Quando però Leof viene ucciso dai vichinghi durante una razzia, Cai non è per niente disposto a porgere l’altra guancia e desidera solo potersi vendicare. L’occasione gli si presenta quando si imbatte in Fenrir, un giovane pirata vichingo in fin di vita e abbandonato dai compagni sulla spiaggia. Ma invece di impugnare una spada e cercare quella giustizia che il suo cuore tanto brama, Cai si trova a disobbedire al suo stesso abate e a usare le sue abilità di guaritore per salvare il proprio nemico.

All’inizio, il vichingo ripaga la sua generosità con un atteggiamento sdegnoso e aggressivo, ma con il passare del tempo, si lascia conquistare dalla sua generosità; mentre Cai, che aveva abbandonato l’idea di poter amare ancora, sente nascere dentro di sé una nuova e profonda attrazione.

Nonostante il sentimento sbocciato tra loro, però, Fen non riesce a dimenticare la lealtà che deve alla sua gente e fa di tutto per scoprire il segreto di Fara: un potente talismano che potrebbe rendere i vichinghi invincibili e distruggere per sempre il loro amore. 

Recensione 

L'universo in un lembo di terra: verso le stelle, verso Dio
Leggere un romanzo ben scritto è sempre entusiasmante. Lo è ancora di più se si segue con fiducia il percorso tracciato da un'autrice, o da un autore, che non teme di richiamarsi alla vaghezza cronologica di una storia rincorrendo le proprie suggestioni. Certo, è necessario che l'autrice oppure l'autore in questione conosca bene i ferri del mestiere — quanto meno per assicurarsi contro gli inevitabili incerti — ma nel dirlo mi sembra di sottolineare, appunto, un'ovvietà. 
Quel che non è ovvio, invece, è il talento di Harper Fox, e la sua capacità di intrecciare verità storica, mito e fantasia per offrirci un racconto d'evasione, sì, ma anche una nuova visione delle cose. 
È questo il caso de "La croce e il lupo", la cui sostanza ruota intorno a fatti realmente accaduti e si muove nel contempo all'interno di una zona franca, quella della finzione, dove tutto è lecito e ogni cosa può accadere. 

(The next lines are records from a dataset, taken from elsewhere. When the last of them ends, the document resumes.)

(* Let $\mathscr{C}=\left\{\sum_{i=1}^{\infty} t_i 3^{-i} : t_i\in\{0,2\}\right\}$ be the middle-third Cantor set. Then \[\left[\left(\tfrac{8}{9}\right)^{3},\tfrac{8}{9}\right]\subseteq \mathscr{C}\cdot\mathscr{C}\cdot\mathscr{C}\cdot\mathscr{C}=\{abcd : a,b,c,d\in\mathscr{C}\}.\] *)

theory Defs
  imports "HOL-Analysis.Analysis"
begin

text \<open>The digit sequence is indexed from 0 here, digit \<open>t n\<close> having weight \<open>3^{-(n+1)}\<close>.\<close>
definition cantor_set :: "real set" where
  "cantor_set = {x. \<exists>t :: nat \<Rightarrow> real. (\<forall>i. t i \<in> {0, 2}) \<and>
                       x = (\<Sum>i. t i / 3 ^ (Suc i))}"

end

theory Submission
  imports Defs
begin

text \<open>Let \<open>k \<ge> 3\<close> and \<open>(2/3)^k \<le> u \<le> 1\<close>. Run a nested-interval argument on the Cantor intervals of
  \<open>k\<close> factors, all inside \<open>[2/3, 1]\<close>. If intervals \<open>[c\<^sub>i, c\<^sub>i + 3h]\<close> have a product range
  containing \<open>u\<close>, cut the factors one at a time to an outer third \<open>[c, c + h]\<close> or \<open>[c + 2h, c + 3h]\<close>:
  the product ranges of the two thirds overlap, because \<open>(c + 2h) \<Prod> l\<^sub>j \<le> (c + h) \<Prod> (l\<^sub>j + h)\<close>
  follows from \<open>\<Prod> (l\<^sub>j + h) \<ge> (1 + (k - 1) h) \<Prod> l\<^sub>j\<close> (as \<open>l\<^sub>j \<le> 1\<close>) and \<open>(k - 1) c \<ge> 1\<close>
  (as \<open>c \<ge> 2/3\<close>). So \<open>u\<close> stays bracketed at every level, and the limit points of the chosen
  intervals are Cantor points with product \<open>u\<close>. The theorem is the case \<open>k = 4\<close>, as
  \<open>(2/3)^4 \<le> (8/9)^3\<close>.\<close>

lemma prod_add_const_ge:
  fixes y :: "'a \<Rightarrow> real" and h :: real
  assumes "finite J" "0 \<le> h" "\<And>j. j \<in> J \<Longrightarrow> 0 \<le> y j \<and> y j \<le> 1"
  shows "(1 + card J * h) * prod y J \<le> (\<Prod>j\<in>J. y j + h)"
  using assms(1,3)
proof (induction J rule: finite_induct)
  case empty
  then show ?case by simp
next
  case (insert m J)
  have y: "0 \<le> y m" "y m \<le> 1" and P: "0 \<le> prod y J"
    using insert.prems by (auto intro: prod_nonneg)
  have "y m * (1 + (card J + 1) * h) \<le> (y m + h) * (1 + card J * h)"
  proof -
    have "y m * h \<le> h" using y \<open>0 \<le> h\<close> by (simp add: mult_left_le_one_le)
    moreover have "0 \<le> card J * h * h" using \<open>0 \<le> h\<close> by simp
    ultimately show ?thesis by (simp add: algebra_simps)
  qed
  then have "y m * (1 + (card J + 1) * h) * prod y J \<le> (y m + h) * (1 + card J * h) * prod y J"
    using P by (rule mult_right_mono)
  then have "(1 + card (insert m J) * h) * prod y (insert m J)
      \<le> (y m + h) * ((1 + card J * h) * prod y J)"
    using insert.hyps by (simp add: mult_ac)
  also have "\<dots> \<le> (y m + h) * (\<Prod>j\<in>J. y j + h)"
    using insert y \<open>0 \<le> h\<close> by (intro mult_left_mono) auto
  also have "\<dots> = (\<Prod>j\<in>insert m J. y j + h)"
    using insert.hyps by simp
  finally show ?case .
qed

lemma middle_third_ranges_overlap:
  fixes l r :: "'a \<Rightarrow> real" and h x :: real
  assumes "finite J" "0 \<le> h" "1 \<le> card J * x"
    and "\<And>j. j \<in> J \<Longrightarrow> 0 \<le> l j \<and> l j \<le> 1 \<and> l j + h \<le> r j"
  shows "(x + 2*h) * prod l J \<le> (x + h) * prod r J"
proof -
  have "0 < card J * x"
    using assms(3) by linarith
  then have "0 < x"
    by (simp add: zero_less_mult_iff)
  have "h \<le> h * (card J * x)"
    using assms(2,3) by (simp add: mult_le_cancel_left1)
  moreover have "0 \<le> h * (h * card J)"
    using assms(2) by simp
  ultimately have "x + 2*h \<le> (x + h) * (1 + card J * h)"
    by (simp add: algebra_simps)
  moreover have "0 \<le> prod l J"
    using assms(4) by (simp add: prod_nonneg)
  ultimately have "(x + 2*h) * prod l J \<le> (x + h) * ((1 + card J * h) * prod l J)"
    by (metis mult_right_mono mult.assoc)
  also have "\<dots> \<le> (x + h) * (\<Prod>j\<in>J. l j + h)"
    using assms \<open>0 < x\<close> by (intro mult_left_mono prod_add_const_ge) auto
  also have "\<dots> \<le> (x + h) * prod r J"
    using assms \<open>0 < x\<close> by (intro mult_left_mono prod_mono) auto
  finally show ?thesis .
qed

lemma split_middle_third:
  fixes x h A B u :: real
  assumes "x * A \<le> u" "u \<le> (x + 3*h) * B" "(x + 2*h) * A \<le> (x + h) * B"
  shows "\<exists>e\<in>{0,2}. (x + e*h) * A \<le> u \<and> u \<le> (x + e*h + h) * B"
proof (cases "u \<le> (x + h) * B")
  case True
  then show ?thesis using assms by auto
next
  case False
  then show ?thesis using assms by (intro bexI[of _ 2]) (auto simp: algebra_simps)
qed

lemma split_box_coordinate:
  fixes l r :: "'a \<Rightarrow> real" and h u :: real
  assumes "finite I" "m \<in> I" "3 \<le> card I" "0 \<le> h"
    and "2/3 \<le> l m" "r m = l m + 3*h"
    and "\<And>i. i \<in> I - {m} \<Longrightarrow> 0 \<le> l i \<and> l i \<le> 1 \<and> l i + h \<le> r i"
    and "prod l I \<le> u" "u \<le> prod r I"
  shows "\<exists>e\<in>{0,2}. prod (l(m := l m + e*h)) I \<le> u \<and> u \<le> prod (r(m := l m + e*h + h)) I"
proof -
  let ?A = "prod l (I - {m})" and ?B = "prod r (I - {m})"
  have remove_m: "prod f I = f m * prod f (I - {m})" for f :: "'a \<Rightarrow> real"
    using assms(1,2) by (rule prod.remove)
  have "1 \<le> card (I - {m}) * l m"
  proof -
    have "2 \<le> card (I - {m})"
      using assms(1-3) by (simp add: card_Diff_singleton)
    then have "2 * (2/3) \<le> card (I - {m}) * l m"
      using assms(5) by (intro mult_mono) auto
    then show ?thesis by simp
  qed
  then have "(l m + 2*h) * ?A \<le> (l m + h) * ?B"
    using assms(1,4,7) by (intro middle_third_ranges_overlap) auto
  moreover have "l m * ?A \<le> u" "u \<le> (l m + 3*h) * ?B"
    using assms(6,8,9) by (simp_all add: remove_m[of l] remove_m[of r])
  ultimately obtain e where e: "e \<in> {0,2}" "(l m + e*h) * ?A \<le> u" "u \<le> (l m + e*h + h) * ?B"
    using split_middle_third by blast
  have "prod (f(m := v)) I = v * prod f (I - {m})" for f :: "'a \<Rightarrow> real" and v
    by (simp add: remove_m)
  with e show ?thesis by auto
qed

text \<open>Coordinates in \<open>S\<close> still have intervals of width \<open>3h\<close>, the others have already been cut
  to width \<open>h\<close>.\<close>
lemma refine_box:
  fixes c :: "'a \<Rightarrow> real" and h u :: real
  assumes "finite I" "3 \<le> card I" "0 \<le> h" "S \<subseteq> I"
    and "\<And>i. i \<in> I \<Longrightarrow> 2/3 \<le> c i \<and> c i + (if i \<in> S then 3 else 1) * h \<le> 1"
    and "prod c I \<le> u" "u \<le> (\<Prod>i\<in>I. c i + (if i \<in> S then 3 else 1) * h)"
  shows "\<exists>e. (\<forall>i. e i \<in> {0,2}) \<and> (\<forall>i. i \<notin> S \<longrightarrow> e i = 0) \<and>
    (\<Prod>i\<in>I. c i + e i * h) \<le> u \<and> u \<le> (\<Prod>i\<in>I. c i + e i * h + h)"
proof -
  have "finite S"
    using assms(1,4) by (rule finite_subset[rotated])
  then show ?thesis
    using assms(4-)
  proof (induction S arbitrary: c rule: finite_induct)
    case empty
    then show ?case by (intro exI[of _ "\<lambda>_. 0"]) simp
  next
    case (insert m S)
    let ?r = "\<lambda>i. c i + (if i \<in> insert m S then 3 else 1) * h"
    have "m \<in> I" "S \<subseteq> I"
      using insert.prems(1) by auto
    have c_m: "2/3 \<le> c m" "c m + 3*h \<le> 1"
      using insert.prems(2)[OF \<open>m \<in> I\<close>] by auto
    have "0 \<le> c i \<and> c i \<le> 1 \<and> c i + h \<le> ?r i" if "i \<in> I - {m}" for i
      using insert.prems(2)[of i] that assms(3) by (cases "i \<in> S") auto
    then obtain e\<^sub>m where e\<^sub>m: "e\<^sub>m \<in> {0,2}"
        "prod (c(m := c m + e\<^sub>m*h)) I \<le> u" "u \<le> prod (?r(m := c m + e\<^sub>m*h + h)) I"
      using split_box_coordinate[of I m h c ?r u, OF assms(1) \<open>m \<in> I\<close> assms(2,3) c_m(1)] insert.prems(3,4)
      by auto
    define c' where "c' = c(m := c m + e\<^sub>m*h)"
    have r_update: "?r(m := c m + e\<^sub>m*h + h) = (\<lambda>i. c' i + (if i \<in> S then 3 else 1) * h)"
      using insert.hyps(2) by (auto simp: c'_def)
    have "2/3 \<le> c' i \<and> c' i + (if i \<in> S then 3 else 1) * h \<le> 1" if "i \<in> I" for i
      using insert.prems(2)[OF that] c_m insert.hyps(2) e\<^sub>m(1) assms(3)
      by (auto simp: c'_def)
    moreover have "prod c' I \<le> u" "u \<le> (\<Prod>i\<in>I. c' i + (if i \<in> S then 3 else 1) * h)"
      using e\<^sub>m(2,3) by (simp_all only: c'_def r_update)
    ultimately obtain e where e: "\<forall>i. e i \<in> {0,2}" "\<forall>i. i \<notin> S \<longrightarrow> e i = 0"
        "(\<Prod>i\<in>I. c' i + e i * h) \<le> u" "u \<le> (\<Prod>i\<in>I. c' i + e i * h + h)"
      using insert.IH[OF \<open>S \<subseteq> I\<close>] by blast
    have "c' i + e i * h = c i + (e(m := e\<^sub>m)) i * h" for i
      using e(2) insert.hyps(2) by (auto simp: c'_def)
    then show ?case
      using e e\<^sub>m(1) by (intro exI[of _ "e(m := e\<^sub>m)"]) auto
  qed
qed

definition cantor_prefix :: "(nat \<Rightarrow> real) \<Rightarrow> nat \<Rightarrow> real" where
  "cantor_prefix t n = (\<Sum>j<n. t j / 3 ^ Suc j)"

lemma cantor_prefix_Suc: "cantor_prefix t (Suc n) = cantor_prefix t n + t n / 3 ^ Suc n"
  by (simp add: cantor_prefix_def)

lemma cantor_prefix_cong: "(\<And>j. j < n \<Longrightarrow> s j = t j) \<Longrightarrow> cantor_prefix s n = cantor_prefix t n"
  by (simp add: cantor_prefix_def)

lemma cantor_prefix_first_digit_le:
  assumes "\<And>j. 0 \<le> t j"
  shows "t 0 / 3 \<le> cantor_prefix t (Suc n)"
proof (induction n)
  case 0
  then show ?case by (simp add: cantor_prefix_def)
next
  case (Suc n)
  have "0 \<le> t (Suc n) / 3 ^ Suc (Suc n)"
    using assms by simp
  with Suc show ?case
    unfolding cantor_prefix_Suc[of t "Suc n"] by linarith
qed

lemma cantor_prefix_add_width_le_1:
  assumes "\<And>j. t j \<in> {0,2}"
  shows "cantor_prefix t n + 1 / 3 ^ n \<le> 1"
proof (induction n)
  case 0
  then show ?case by (simp add: cantor_prefix_def)
next
  case (Suc n)
  have "t n \<le> 2" using assms[of n] by auto
  then have "t n / 3 ^ Suc n + 1 / 3 ^ Suc n \<le> 1 / 3 ^ n"
    by (simp add: field_simps)
  with Suc show ?case by (simp add: cantor_prefix_Suc)
qed

lemma cantor_prefix_tendsto:
  assumes "\<And>j. t j \<in> {0,2}"
  shows "cantor_prefix t \<longlonglongrightarrow> (\<Sum>j. t j / 3 ^ Suc j)"
proof -
  have "summable (\<lambda>j. t j / 3 ^ Suc j)"
  proof (rule summableI_nonneg_bounded)
    show "0 \<le> t j / 3 ^ Suc j" for j
      using assms[of j] by auto
    show "(\<Sum>j<n. t j / 3 ^ Suc j) \<le> 1" for n
    proof -
      have "cantor_prefix t n + 1 / 3 ^ n \<le> 1"
        by (rule cantor_prefix_add_width_le_1) (rule assms)
      moreover have "0 \<le> 1 / (3::real) ^ n"
        by simp
      ultimately show ?thesis
        unfolding cantor_prefix_def by linarith
    qed
  qed
  then show ?thesis
    unfolding cantor_prefix_def by (rule summable_LIMSEQ)
qed

text \<open>\<open>D j i\<close> is the \<open>j\<close>-th ternary digit of the \<open>i\<close>-th factor. Fixing the first digit to 2
  keeps every factor in \<open>[2/3, 1]\<close>.\<close>
definition cantor_bracket :: "'a set \<Rightarrow> real \<Rightarrow> nat \<Rightarrow> (nat \<Rightarrow> 'a \<Rightarrow> real) \<Rightarrow> bool" where
  "cantor_bracket I u n D \<longleftrightarrow> (\<forall>j i. D j i \<in> {0,2}) \<and> (\<forall>i. D 0 i = 2) \<and>
     (\<Prod>i\<in>I. cantor_prefix (\<lambda>j. D j i) n) \<le> u \<and>
     u \<le> (\<Prod>i\<in>I. cantor_prefix (\<lambda>j. D j i) n + 1 / 3 ^ n)"

lemma cantor_bracket_1:
  assumes "(2/3) ^ card I \<le> u" "u \<le> 1"
  shows "cantor_bracket I u 1 (\<lambda>_ _. 2)"
  using assms by (simp add: cantor_bracket_def cantor_prefix_def)

lemma cantor_bracket_Suc:
  assumes "finite I" "3 \<le> card I" "cantor_bracket I u (Suc n) D"
  shows "\<exists>e. cantor_bracket I u (Suc (Suc n)) (D(Suc n := e))"
proof -
  define c where "c i = cantor_prefix (\<lambda>j. D j i) (Suc n)" for i
  define h :: real where "h = 1 / 3 ^ Suc (Suc n)"
  have digits: "D j i \<in> {0,2}" "D 0 i = 2" for j i
    using assms(3) by (auto simp: cantor_bracket_def)
  have width: "1 / 3 ^ Suc n = 3 * h"
    by (simp add: h_def)
  have lower: "2/3 \<le> c i" for i
  proof -
    have "0 \<le> D j i" for j
      using digits(1)[of j i] by auto
    then show ?thesis
      using cantor_prefix_first_digit_le[of "\<lambda>j. D j i" n] digits(2)[of i] by (simp add: c_def)
  qed
  have upper: "c i + 3 * h \<le> 1" for i
    unfolding c_def width[symmetric] by (rule cantor_prefix_add_width_le_1) (rule digits(1))
  have bracket: "prod c I \<le> u" "u \<le> (\<Prod>i\<in>I. c i + 3 * h)"
    using assms(3) unfolding cantor_bracket_def c_def width[symmetric] by simp_all
  have "\<exists>e. (\<forall>i. e i \<in> {0,2}) \<and> (\<forall>i. i \<notin> I \<longrightarrow> e i = 0) \<and>
      (\<Prod>i\<in>I. c i + e i * h) \<le> u \<and> u \<le> (\<Prod>i\<in>I. c i + e i * h + h)"
  proof (rule refine_box[where I = I and S = I])
    show "0 \<le> h"
      by (simp add: h_def)
  qed (use assms(1,2) lower upper bracket in auto)
  then obtain e where e: "\<forall>i. e i \<in> {0,2}"
      "(\<Prod>i\<in>I. c i + e i * h) \<le> u" "u \<le> (\<Prod>i\<in>I. c i + e i * h + h)"
    by blast
  have "cantor_prefix (\<lambda>j. (D(Suc n := e)) j i) (Suc n) = c i" for i
    unfolding c_def by (rule cantor_prefix_cong) simp
  then have prefix: "cantor_prefix (\<lambda>j. (D(Suc n := e)) j i) (Suc (Suc n)) = c i + e i * h" for i
    by (simp add: cantor_prefix_Suc h_def)
  have "cantor_bracket I u (Suc (Suc n)) (D(Suc n := e))"
    unfolding cantor_bracket_def prefix h_def[symmetric] using digits e by auto
  then show ?thesis
    by blast
qed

E così Fara. Fara sancta. O forse Holy Island.

Al largo della costa nord-orientale dell'Inghilterra, circondata dalle ostili acque del Mare del Nord, affiora una piccolissima isola dominata da venti sferzanti e dalla sabbia levigata dai flutti marini: Lindsfarne, più nota come "Holy Island", Isola santa. Su quest'isola tidale, infatti, collegata alla terraferma durante la bassa marea — quotidianamente e per due volte al giorno il ritmo dei flussi ne impedisce l'attraversamento — sorge un monastero ormai in rovina che fu fondato nel 635 d.C. da Sant'Aidan, o Sant'Aidano, monaco scozzese dell'Abbazia di Iona, inviato nella regione settentrionale dell'Inghilterra per diffondere la cristianità tra i pagani che vivevano nella Northumbria, con l'auspicio però che a convertirsi fossero soprattutto gli Angli e i Sassoni. Grazie alla sua opera di predicazione, su questo lembo di terra divenuto pertanto sacro nacque e prosperò un'importante comunità celtica cristiana, il cui priorato nel 664 d.C. venne affidato al più celebre San Cutberto. 
Il monastero di Lindsfarne — diventato un faro di pace e di speranza per i primi credenti — oltre a essere un centro vitale di attività monastica, missionaria e di studio del latino, dell'astronomia e del computo, passa anche alla storia per aver subito l'8 giugno del 793 d.C. la più famosa delle scorrerie per mano dei predoni venuti dal mare, forieri di morte e distruzione. 
Per convenzione, il saccheggio dell'8 giugno del 793 segna l'inizio dell'Era e dell'espansione Vichinga. 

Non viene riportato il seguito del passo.